• **EXTRACTED RECORDS**
lemma penalty_diff_eq:
  "(penalty D n \<gamma> w V - penalty D n \<gamma>0 w0 V) - (penalty D n \<gamma> w V' - penalty D n \<gamma>0 w0 V')
    = (\<Sum>d<D. \<Sum>i<n d. \<Sum>j\<in>{i<..<n d}.
        (\<gamma> * w d i j - \<gamma>0 * w0 d i j) * (slice_dist D n d i j V - slice_dist D n d i j V'))"
  by (simp add: penalty_def sum_distrib_left sum_subtractf left_diff_distrib right_diff_distrib
      mult.assoc)

lemma penalty_diff_le:
  assumes V: "V \<in> tensors D n" and V': "V' \<in> tensors D n"
  shows "(penalty D n \<gamma> w V - penalty D n \<gamma>0 w0 V) - (penalty D n \<gamma> w V' - penalty D n \<gamma>0 w0 V')
    \<le> penalty_lip D n \<gamma> w \<gamma>0 w0 * frob D n (\<lambda>\<iota>. V \<iota> - V' \<iota>)"
proof -
  have "(\<lambda>\<iota>. V \<iota> - V' \<iota>) \<in> tensors D n"
    using V V' by (simp add: tensors_def)
  then have slice_diff: "\<bar>slice_dist D n d i j V - slice_dist D n d i j V'\<bar>
      \<le> slice_lip D n d * frob D n (\<lambda>\<iota>. V \<iota> - V' \<iota>)" for d i j
    by (rule order_trans[OF slice_dist_diff_abs_le slice_dist_le])
  have "c * (slice_dist D n d i j V - slice_dist D n d i j V')
      \<le> \<bar>c\<bar> * slice_lip D n d * frob D n (\<lambda>\<iota>. V \<iota> - V' \<iota>)" for c d i j
  proof -
    have "c * (slice_dist D n d i j V - slice_dist D n d i j V')
        \<le> \<bar>c\<bar> * \<bar>slice_dist D n d i j V - slice_dist D n d i j V'\<bar>"
      using abs_ge_self[of "c * (slice_dist D n d i j V - slice_dist D n d i j V')"]
      by (simp add: abs_mult)
    also have "\<dots> \<le> \<bar>c\<bar> * (slice_lip D n d * frob D n (\<lambda>\<iota>. V \<iota> - V' \<iota>))"
      by (rule mult_left_mono[OF slice_diff abs_ge_zero])
    finally show ?thesis
      by (simp add: mult.assoc)
  qed
  then show ?thesis
    unfolding penalty_diff_eq penalty_lip_def sum_distrib_right by (intro sum_mono)
qed

lemma minimizer_exists_unique:
  assumes "admissible D n X \<gamma> w"
  shows "\<exists>!U. is_minimizer D n X \<gamma> w U"
proof -
  have \<gamma>: "0 \<le> \<gamma>" and w: "\<forall>d<D. \<forall>i j. i < j \<and> j < n d \<longrightarrow> 0 \<le> w d i j"
    using assms by (simp_all add: admissible_def)
  have "\<exists>U. is_prox_min (idx_set D n) X (penalty D n \<gamma> w) U"
    by (rule prox_min_exists[OF idx_set_finite continuous_on_penalty penalty_nonneg[OF \<gamma> w]
          penalty_zero])
  moreover have "U = V"
    if "is_prox_min (idx_set D n) X (penalty D n \<gamma> w) U"
      "is_prox_min (idx_set D n) X (penalty D n \<gamma> w) V" for U V
    by (rule prox_min_unique[OF penalty_convex[OF \<gamma> w] that idx_set_finite])
  ultimately show ?thesis
    unfolding is_minimizer_eq_is_prox_min by blast
qed

lemma minimizer_is_minimizer:
  assumes "admissible D n X \<gamma> w"
  shows "is_minimizer D n X \<gamma> w (minimizer D n X \<gamma> w)"
  unfolding minimizer_def using minimizer_exists_unique[OF assms] by (rule theI')

lemma minimizer_lipschitz:
  assumes adm: "admissible D n X \<gamma> w" and adm0: "admissible D n X0 \<gamma>0 w0"
  shows "frob D n (\<lambda>\<iota>. minimizer D n X \<gamma> w \<iota> - minimizer D n X0 \<gamma>0 w0 \<iota>)
    \<le> frob D n (\<lambda>\<iota>. X \<iota> - X0 \<iota>) + penalty_lip D n \<gamma> w \<gamma>0 w0"
  unfolding frob_eq_L2_set
proof (rule prox_min_lipschitz)
  show "convex_functional (penalty D n \<gamma> w)" "convex_functional (penalty D n \<gamma>0 w0)"
    using adm adm0 by (simp_all add: admissible_def penalty_convex)
  show "is_prox_min (idx_set D n) X (penalty D n \<gamma> w) (minimizer D n X \<gamma> w)"
    "is_prox_min (idx_set D n) X0 (penalty D n \<gamma>0 w0) (minimizer D n X0 \<gamma>0 w0)"
    using minimizer_is_minimizer[OF adm] minimizer_is_minimizer[OF adm0]
    by (simp_all add: is_minimizer_eq_is_prox_min)
  show "0 \<le> penalty_lip D n \<gamma> w \<gamma>0 w0"
    by (rule penalty_lip_nonneg)
  show "(penalty D n \<gamma> w V - penalty D n \<gamma>0 w0 V) - (penalty D n \<gamma> w V' - penalty D n \<gamma>0 w0 V')
      \<le> penalty_lip D n \<gamma> w \<gamma>0 w0 * L2_set (\<lambda>\<iota>. V \<iota> - V' \<iota>) (idx_set D n)"
    if "V \<in> zero_outside (idx_set D n)" "V' \<in> zero_outside (idx_set D n)" for V V'
    using penalty_diff_le that by (simp add: tensors_eq_zero_outside frob_eq_L2_set)
qed

lemma frob_diff_le_param_dist:
  "frob D n (\<lambda>\<iota>. X \<iota> - X0 \<iota>) \<le> param_dist D n X \<gamma> w X0 \<gamma>0 w0"
proof -
  have "0 \<le> (\<Sum>d<D. \<Sum>i<n d. \<Sum>j\<in>{i<..<n d}. (w d i j - w0 d i j)\<^sup>2)"
    by (intro sum_nonneg) auto
  then show ?thesis
    unfolding frob_def param_dist_def by (intro real_sqrt_le_mono) simp
qed

lemma abs_gamma_diff_le_param_dist:
  "\<bar>\<gamma> - \<gamma>0\<bar> \<le> param_dist D n X \<gamma> w X0 \<gamma>0 w0"
proof -
  have "0 \<le> (\<Sum>\<iota>\<in>idx_set D n. (X \<iota> - X0 \<iota>)\<^sup>2)"
    "0 \<le> (\<Sum>d<D. \<Sum>i<n d. \<Sum>j\<in>{i<..<n d}. (w d i j - w0 d i j)\<^sup>2)"
    by (intro sum_nonneg; auto)+
  then show ?thesis
    unfolding param_dist_def by (intro real_le_rsqrt) simp
qed

lemma abs_weight_diff_le_param_dist:
  assumes "d < D" "i < j" "j < n d"
  shows "\<bar>w d i j - w0 d i j\<bar> \<le> param_dist D n X \<gamma> w X0 \<gamma>0 w0"
proof -
  have "(w d i j - w0 d i j)\<^sup>2 \<le> (\<Sum>j\<in>{i<..<n d}. (w d i j - w0 d i j)\<^sup>2)"
    using assms by (intro member_le_sum) auto
  also have "\<dots> \<le> (\<Sum>i<n d. \<Sum>j\<in>{i<..<n d}. (w d i j - w0 d i j)\<^sup>2)"
    using assms by (intro member_le_sum[where f = "\<lambda>i. \<Sum>j\<in>{i<..<n d}. _ i j"] sum_nonneg) auto
  also have "\<dots> \<le> (\<Sum>d<D. \<Sum>i<n d. \<Sum>j\<in>{i<..<n d}. (w d i j - w0 d i j)\<^sup>2)"
    using assms by (intro member_le_sum[where f = "\<lambda>d. \<Sum>i<n d. \<Sum>j\<in>{i<..<n d}. _ d i j"] sum_nonneg) auto
  finally have "(w d i j - w0 d i j)\<^sup>2 \<le> \<dots>" .
  moreover have "0 \<le> (\<Sum>\<iota>\<in>idx_set D n. (X \<iota> - X0 \<iota>)\<^sup>2)"
    by (intro sum_nonneg) auto
  ultimately show ?thesis
    unfolding param_dist_def using zero_le_power2[of "\<gamma> - \<gamma>0"]
    by (intro real_le_rsqrt) (simp only: power2_abs; linarith)
qed

lemma abs_mult_diff_le:
  fixes a a0 b b0 p :: real
  assumes "\<bar>a - a0\<bar> \<le> p" "\<bar>b - b0\<bar> \<le> p" "p \<le> 1"
  shows "\<bar>a * b - a0 * b0\<bar> \<le> p * (\<bar>a0\<bar> + \<bar>b0\<bar> + 1)"
proof -
  have "a * b - a0 * b0 = (a - a0) * (b - b0) + (a - a0) * b0 + a0 * (b - b0)"
    by (simp add: algebra_simps)
  also have "\<bar>\<dots>\<bar> \<le> \<bar>a - a0\<bar> * \<bar>b - b0\<bar> + \<bar>a - a0\<bar> * \<bar>b0\<bar> + \<bar>a0\<bar> * \<bar>b - b0\<bar>"
    using abs_triangle_ineq[of "(a - a0) * (b - b0) + (a - a0) * b0" "a0 * (b - b0)"]
      abs_triangle_ineq[of "(a - a0) * (b - b0)" "(a - a0) * b0"]
    unfolding abs_mult by linarith
  also have "\<dots> \<le> p * 1 + p * \<bar>b0\<bar> + \<bar>a0\<bar> * p"
    using assms by (intro add_mono mult_mono) auto
  finally show ?thesis
    by (simp add: algebra_simps)
qed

• **TO DO**
In the entries above, how many lines include the word "auto"? Give only that number.

• **SOLUTION FOR THIS EXERCISE**
7